CD8 T cells play an important role in controlling viral infections as well as intracellular bacterial and parasitic infections. It is now clear that CD8 T cells are also involved in immunity against tumors and there is considerable interest in cancer immunotherapy that stimulates CD8 T cell responses. Thus, understanding the mechanisms that regulate antigen specific CD8 T cell responses is critical not only for the rational design of vaccines but also for development of novel approaches to enhance CD8 T cells for immunotherapy. Genome- wide transcriptional profiles of antigen specific CD8 T cells during acute infection have been extensively studied to elucidate the molecular basis of differentiation process from naive to effector to memory T cells. One of the interesting features obtained from such studies is downregulation of transcripts related to translation in effector CD8 T cells compared to naive CD8 T cells. Similarly, transcriptional inhibition of mRNAs associated with translation has been also observed in memory CD8 T cells repeatedly stimulated with multiple rounds of acute infection. Furthermore, transcriptional downregulation of a group of mRNAs important for translation has been reported in exhausted CD8 T cells that arose after chronic infection. These data strongly suggest that translation plays an essential role in regulation of antigen specific CD8 T cell responses during acute and chronic infections. However, translational control in antigen specific CD8 T cells in vivo has not been well studied, and thus understanding translational regulation is a new frontier of research for CD8 T cell immunity. We have recently tackled this important issue, and have shown that translation is actively regulated during the differentiation of CD8 effector T cells. Based on our observations, we hypothesized that translation plays an essential role in regulation of CD8 T cell responses and can be targeted to modulate CD8 T cell immunity. Our proposed studies on understanding translational regulation of antigen specific CD8 T cell responses during acute and chronic infections represent a new direction of research in the area of T cell memory and exhaustion. These studies will also provide crucial information to enhance protective CD8 T cell immunity against pathogens and viral-mediated cancers by targeting translational regulation.

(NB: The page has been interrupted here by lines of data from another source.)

lemma convergence_set_subset_cylinders:
  assumes "b > 0"
  shows "convergence_set b \<gamma> \<subseteq> (\<Union>p\<in>light_cylinders b \<gamma> n0. cylinder_interval b p)"
proof
  fix x assume "x \<in> convergence_set b \<gamma>"
  then have x: "0 \<le> x" "x \<le> 1" and summable: "summable (\<lambda>n. \<Prod>j=1..Suc n. \<gamma> (digit b x j))"
    by (auto simp: convergence_set_def)
  from summable have "(\<lambda>n. \<Prod>j=1..Suc n. \<gamma> (digit b x j)) \<longlonglongrightarrow> 0"
    by (rule summable_LIMSEQ_zero)
  then obtain N where N: "\<And>n. n \<ge> N \<Longrightarrow> norm (\<Prod>j=1..Suc n. \<gamma> (digit b x j)) < 1"
    using LIMSEQ_D[of _ 0 1] by fastforce
  define n where "n = Suc (max N n0)"
  define K where "K = nat \<lfloor>x * real b ^ n\<rfloor>"
  have "(\<Prod>j=1..n. \<gamma> (digit b x j)) \<le> 1"
    using N[of "max N n0"] by (simp add: n_def)
  then have weight: "cylinder_weight b \<gamma> n K \<le> 1"
    using prod_digit_eq_cylinder_weight[OF x(1) assms, of \<gamma> n] by (simp add: K_def)
  have "x * real b ^ n \<le> real b ^ n"
    using x assms by (simp add: mult_left_le_one_le)
  then have "\<lfloor>x * real b ^ n\<rfloor> \<le> int (b ^ n)"
    by (metis floor_mono floor_of_nat of_nat_power)
  then have "K \<le> b ^ n"
    unfolding K_def by (metis nat_int nat_mono of_nat_power)
  then have index: "(n, K) \<in> light_cylinders b \<gamma> n0"
    using weight by (simp add: n_def light_cylinders_def)
  have "real K \<le> x * real b ^ n" "x * real b ^ n < real K + 1"
    using x by (simp_all add: K_def)
  then have "real K / real b ^ n \<le> x" "x \<le> (real K + 1) / real b ^ n"
    using assms by (simp_all add: field_simps)
  then have "x \<in> cylinder_interval b (n, K)"
    by simp
  with index show "x \<in> (\<Union>p\<in>light_cylinders b \<gamma> n0. cylinder_interval b p)"
    by (rule UN_I)
qed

The following specific aims are proposed:
Specific Aim 1 : To examine the role of eIF4E-dependent translation in the fate decisions involved in the formation of terminal effector and memory precursor CD8 T cells during acute infection.
Specific Aim 2 : To understand how translational regulation dependent on mTORC1-S6K-eIF4A signals regulates the fate of effector CD8 T cell differentiation during acute infection.
Specific Aim 3 : To understand translational regulation of CD8 T cell exhaustion during chronic infection.
Translation is a critical process in protein synthesis, but translational regulation in antigen-specific T cells in vivo has not been well defined during acute and chronic infections. Understanding the mechanisms of translational regulation of antigen specific CD8 T cell responses could provide crucial information for development of novel approaches to enhance protective CD8 T cell immunity.